What did the guy do?


----------



## hazmat (Mar 5, 2003)

> _Originally posted by mdnky _
> *That makes me absolutely disgusted.  WTH is wrong with this country anymore?
> 
> NO offense to people in or from New York, Califorinia, or Chicago....but those cities are some of the most ignorant places in the world, IMHO.  It never ceseases to amaze me on how scewed up they can make things.  Too much polotics and not enough common-sense. *



No offense taken, but I see a little ignorance in your post, unless I am mistaken.  California is not a city, and New York in this case is the state, not the city.  The article specifically says Guilderland (Albany).  That is about three hours north of NYC.


----------



## edX (Mar 5, 2003)

why do i figure he would have been ok with one that said "Kill 'em all and let God sort it out". 

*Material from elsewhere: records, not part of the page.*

(* Let $q$ be a positive integer and let $\mathcal{T}_q=(\tau_1,\ldots,\tau_q)$ be the permutation ideal. Identify each vertex $\ell_{i,j}$ ($1\le i\le j\le q$) of $\mathbb{M}_q^2$ with the monomial $\tau_i\tau_j$. Then the Scarf complex of $\mathcal{T}_q^{\,2}$ coincides with $\mathbb{M}_q^2$, i.e. $\operatorname{Scarf}(\mathcal{T}_q^{\,2})=\mathbb{M}_q^2$.
   Context: Permutation ideal: let $S_q$ be the symmetric group on $[q]=\{1,\ldots,q\}$; for $\sigma\in S_q$ written in one-line notation $\sigma=i_1i_2\cdots i_q$, $\sigma(j)=i_j$. Let $K$ be a field and $S_{\mathcal{T}}=K[x_\sigma:\sigma\in S_q]$ (one variable per permutation). For $i\in[q]$ put $\tau_i=\prod_{\sigma\in S_q}x_\sigma^{\sigma(i)}$, and $\mathcal{T}_q=(\tau_1,\ldots,\tau_q)$. The monomials $\tau_i\tau_j$, $1\le i\le j\le q$, are pairwise distinct and form the minimal generating set of $\mathcal{T}_q^{\,2}$. $\mathbb{M}_q^2$: vertex set $\{\ell_{i,j}:1\le i\le j\le q\}$, $\mathcal{M}=\{\ell_{i,j}:i<j\}$, facets $\mathcal{M}_i=\mathcal{M}\cup\{\ell_{i,i}\}$, $i\in[q]$; $\mathbb{M}_q^2=\langle\mathcal{M}_1,\ldots,\mathcal{M}_q\rangle$ is the simplicial complex with these facets. Scarf complex: for a monomial ideal $J$ minimally generated by monomials $g_1,\ldots,g_r$, the Taylor complex $\operatorname{Taylor}(J)$ is the full simplex on vertices $g_1,\ldots,g_r$, each face $\gamma$ labeled by $m_\gamma=\operatorname{lcm}$ of its vertices. $\operatorname{Scarf}(J)=\{\gamma\in\operatorname{Taylor}(J): m_\gamma\ne m_{\gamma'}\text{ for all }\gamma'\in\operatorname{Taylor}(J),\ \gamma'\neq\gamma\}$. *)

theory Defs
  imports "HOL-Combinatorics.Permutations"
begin

text \<open>Permutations of [q] are functions nat => nat that permute {1..q} (identity outside).
  A monomial in the variables x_sigma (sigma in S_q) is represented by its exponent vector,
  a function from permutations to nat (zero outside S_q). The field K plays no role.\<close>

type_synonym monomial = "(nat \<Rightarrow> nat) \<Rightarrow> nat"

definition mono_mult :: "monomial \<Rightarrow> monomial \<Rightarrow> monomial" where
  "mono_mult m n = (\<lambda>\<sigma>. m \<sigma> + n \<sigma>)"

text \<open>tau_i = prod over sigma in S_q of x_sigma^(sigma(i)).\<close>
definition tau :: "nat \<Rightarrow> nat \<Rightarrow> monomial" where
  "tau q i = (\<lambda>\<sigma>. if \<sigma> permutes {1..q} then \<sigma> i else 0)"

text \<open>lcm of a finite set of monomials (lcm of the empty set is the monomial 1).\<close>
definition mono_lcm :: "monomial set \<Rightarrow> monomial" where
  "mono_lcm F = (\<lambda>\<sigma>. Max (insert 0 ((\<lambda>m. m \<sigma>) ` F)))"

text \<open>Taylor complex on a generating set G: all subsets of G (faces labelled by lcm).\<close>
definition taylor :: "monomial set \<Rightarrow> monomial set set" where
  "taylor G = Pow G"

definition scarf :: "monomial set \<Rightarrow> monomial set set" where
  "scarf G = {\<gamma> \<in> taylor G. \<forall>\<gamma>' \<in> taylor G. \<gamma>' \<noteq> \<gamma> \<longrightarrow> mono_lcm \<gamma>' \<noteq> mono_lcm \<gamma>}"

definition ell :: "nat \<Rightarrow> nat \<times> nat \<Rightarrow> monomial" where
  "ell q p = mono_mult (tau q (fst p)) (tau q (snd p))"

definition Tq2_gens :: "nat \<Rightarrow> monomial set" where
  "Tq2_gens q = ell q ` {(i, j). 1 \<le> i \<and> i \<le> j \<and> j \<le> q}"

text \<open>The complex M_q^2 on vertices l_{i,j} (encoded as pairs (i,j)).\<close>
definition M_off :: "nat \<Rightarrow> (nat \<times> nat) set" where
  "M_off q = {(i, j). 1 \<le> i \<and> i < j \<and> j \<le> q}"

definition M_facet :: "nat \<Rightarrow> nat \<Rightarrow> (nat \<times> nat) set" where
  "M_facet q i = insert (i, i) (M_off q)"

definition M_complex :: "nat \<Rightarrow> (nat \<times> nat) set set" where
  "M_complex q = {F. \<exists>i \<in> {1..q}. F \<subseteq> M_facet q i}"

end

theory Submission
  imports Defs
begin

text \<open>A face F of the Taylor complex of G is Scarf iff no generator g divides lcm (F - {g}).
  The exponent of x_sigma in tau_i tau_j is sigma(i) + sigma(j). Given a facet M_c of M_q^2 and a
  vertex l_{i,j}, a permutation with sigma(i) = q (if i = j), resp. with {sigma(i), sigma(j)} =
  {q - 1, q} and sigma(c) < q (if i < j), makes this exponent strictly larger than on every other
  vertex of M_c, so no face of M_q^2 violates the criterion. Conversely tau_a tau_b divides
  lcm (tau_a^2, tau_b^2), so a Scarf face has at most one diagonal vertex l_{a,a} and hence lies
  in a facet of M_q^2.\<close>

definition mono_dvd :: "monomial \<Rightarrow> monomial \<Rightarrow> bool" where
  "mono_dvd m n \<longleftrightarrow> (\<forall>\<sigma>. m \<sigma> \<le> n \<sigma>)"

lemma mono_dvd_trans: "mono_dvd l m \<Longrightarrow> mono_dvd m n \<Longrightarrow> mono_dvd l n"
  unfolding mono_dvd_def using order_trans by blast

lemma mono_lcm_apply_le_iff:
  "finite F \<Longrightarrow> mono_lcm F \<sigma> \<le> k \<longleftrightarrow> (\<forall>n\<in>F. n \<sigma> \<le> k)"
  unfolding mono_lcm_def by simp

lemma mono_dvd_lcm: "finite F \<Longrightarrow> m \<in> F \<Longrightarrow> mono_dvd m (mono_lcm F)"
  unfolding mono_dvd_def mono_lcm_def by simp

lemma mono_dvd_lcmI:
  assumes "finite F" and "\<And>\<sigma>. \<exists>n\<in>F. m \<sigma> \<le> n \<sigma>"
  shows "mono_dvd m (mono_lcm F)"
proof (unfold mono_dvd_def, rule allI)
  fix \<sigma>
  obtain n where n: "n \<in> F" "m \<sigma> \<le> n \<sigma>" using assms(2) by blast
  have "n \<sigma> \<le> mono_lcm F \<sigma>" using mono_dvd_lcm[OF assms(1) n(1)] by (simp add: mono_dvd_def)
  with n(2) show "m \<sigma> \<le> mono_lcm F \<sigma>" by (rule order_trans)
qed

lemma mono_lcm_dvd_lcm_mono:
  assumes "finite B" and "A \<subseteq> B"
  shows "mono_dvd (mono_lcm A) (mono_lcm B)"
proof -
  have "finite A" using assms by (rule finite_subset[rotated])
  then show ?thesis
    using assms mono_dvd_lcm[OF assms(1)] by (auto simp: mono_dvd_def mono_lcm_apply_le_iff)
qed

lemma mono_lcm_insert: "finite F \<Longrightarrow> mono_lcm (insert m F) \<sigma> = max (m \<sigma>) (mono_lcm F \<sigma>)"
  unfolding mono_lcm_def by (subst image_insert, subst insert_commute, subst Max_insert) auto

lemma mono_lcm_insert_dvd:
  "finite F \<Longrightarrow> mono_dvd m (mono_lcm F) \<Longrightarrow> mono_lcm (insert m F) = mono_lcm F"
  unfolding mono_dvd_def by (auto simp: mono_lcm_insert max_absorb2)

lemma not_mono_dvd_lcmI:
  assumes "finite F" and "0 < m \<sigma>" and "\<forall>n\<in>F. n \<sigma> < m \<sigma>"
  shows "\<not> mono_dvd m (mono_lcm F)"
  using assms unfolding mono_dvd_def mono_lcm_def by (auto simp: not_le)

lemma scarf_iff:
  assumes "finite G"
  shows "F \<in> scarf G \<longleftrightarrow> F \<subseteq> G \<and> (\<forall>g\<in>G. \<not> mono_dvd g (mono_lcm (F - {g})))"
proof
  assume "F \<in> scarf G"
  then have sub: "F \<subseteq> G"
    and unique: "\<And>F'. F' \<subseteq> G \<Longrightarrow> F' \<noteq> F \<Longrightarrow> mono_lcm F' \<noteq> mono_lcm F"
    unfolding scarf_def taylor_def by auto
  have finF: "finite F" using sub assms by (rule finite_subset)
  have "\<not> mono_dvd g (mono_lcm (F - {g}))" if g: "g \<in> G" for g
  proof
    assume "mono_dvd g (mono_lcm (F - {g}))"
    then have lcm_eq: "mono_lcm (insert g (F - {g})) = mono_lcm (F - {g})"
      using finF by (intro mono_lcm_insert_dvd) auto
    show False
    proof (cases "g \<in> F")
      case True
      then have "insert g (F - {g}) = F" by blast
      then show False using unique[of "F - {g}"] lcm_eq sub True by auto
    next
      case False
      then have "F - {g} = F" by simp
      then show False using unique[of "insert g F"] lcm_eq sub g False by auto
    qed
  qed
  with sub show "F \<subseteq> G \<and> (\<forall>g\<in>G. \<not> mono_dvd g (mono_lcm (F - {g})))" by blast
next
  assume F: "F \<subseteq> G \<and> (\<forall>g\<in>G. \<not> mono_dvd g (mono_lcm (F - {g})))"
  then have finF: "finite F" using assms finite_subset by blast
  have "mono_lcm F' \<noteq> mono_lcm F" if F': "F' \<subseteq> G" "F' \<noteq> F" for F'
  proof
    assume eq: "mono_lcm F' = mono_lcm F"
    show False
    proof (cases "F' \<subseteq> F")
      case True
      then obtain g where g: "g \<in> F" "g \<notin> F'" using F' by blast
      then have "mono_dvd g (mono_lcm F')" using eq mono_dvd_lcm[OF finF] by simp
      moreover have "mono_dvd (mono_lcm F') (mono_lcm (F - {g}))"
        using True g finF by (intro mono_lcm_dvd_lcm_mono) auto
      ultimately show False using F g mono_dvd_trans by blast
    next
      case False
      then obtain g where g: "g \<in> F'" "g \<notin> F" by blast
      have "finite F'" using F' assms finite_subset by blast
      then have "mono_dvd g (mono_lcm F)" using eq mono_dvd_lcm g by metis
      moreover have "\<not> mono_dvd g (mono_lcm (F - {g}))" using F F'(1) g(1) by blast
      moreover have "F - {g} = F" using g(2) by simp
      ultimately show False by simp
    qed
  qed
  with F show "F \<in> scarf G" unfolding scarf_def taylor_def by blast
qed

lemma exists_permutes_two_points:
  assumes "a \<in> S" "b \<in> S" "x \<in> S" "y \<in> S" "a \<noteq> b" "x \<noteq> y"
  shows "\<exists>\<sigma>. \<sigma> permutes S \<and> \<sigma> a = x \<and> \<sigma> b = y"
proof -
  define \<tau> where "\<tau> = transpose a x"
  have \<tau>: "\<tau> permutes S" unfolding \<tau>_def using assms by (simp add: permutes_swap_id)
  have "\<tau> b \<noteq> x"
    using permutes_inj[OF \<tau>] \<open>a \<noteq> b\<close> unfolding \<tau>_def by (metis injD transpose_apply_first)
  moreover have "\<tau> b \<in> S" using \<tau> \<open>b \<in> S\<close> by (simp add: permutes_in_image)
  moreover have "\<tau> a = x" unfolding \<tau>_def by simp
  ultimately have "transpose (\<tau> b) y \<circ> \<tau> permutes S"
    and "(transpose (\<tau> b) y \<circ> \<tau>) a = x" and "(transpose (\<tau> b) y \<circ> \<tau>) b = y"
    using \<tau> \<open>y \<in> S\<close> \<open>x \<noteq> y\<close>
    by (simp_all add: permutes_compose permutes_swap_id transpose_apply_other \<tau>_def[symmetric])
  then show ?thesis by blast
qed

definition M_vertices :: "nat \<Rightarrow> (nat \<times> nat) set" where
  "M_vertices q = {(i, j). 1 \<le> i \<and> i \<le> j \<and> j \<le> q}"

lemma finite_M_vertices: "finite (M_vertices q)"
  by (rule finite_subset[of _ "{1..q} \<times> {1..q}"]) (auto simp: M_vertices_def)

fear and propaganda can do some weird stuff to people. the mall should be sued though. i would say boycotted, but the store that sold him the shirt was obviously ok.


----------



## adambyte (Mar 5, 2003)

The really funky thing is, the STORE is okay to SELL the shirt, but the guy who bought it is not allowed to wear it. There's definitely a fault in the logic, here. 

Butthead corporate America.


----------



## edX (Mar 5, 2003)

i guess we can just be glad they didn't shoot him.


----------



## hazmat (Mar 5, 2003)

> _Originally posted by edX _
> *
> fear and propaganda can do some weird stuff to people. the mall should be sued though. i would say boycotted, but the store that sold him the shirt was obviously ok. *



Absolutely.  I would sue the hell out of that mall.  Incidentally, I went to college at SUNY Albany.  Albany is a horrible city.  No culture at all.  I hate the Crossgates Mall, too.  This really doesn't surprise me all that much.


----------



## toast (Mar 5, 2003)

Pathetic. Utterly pathetic.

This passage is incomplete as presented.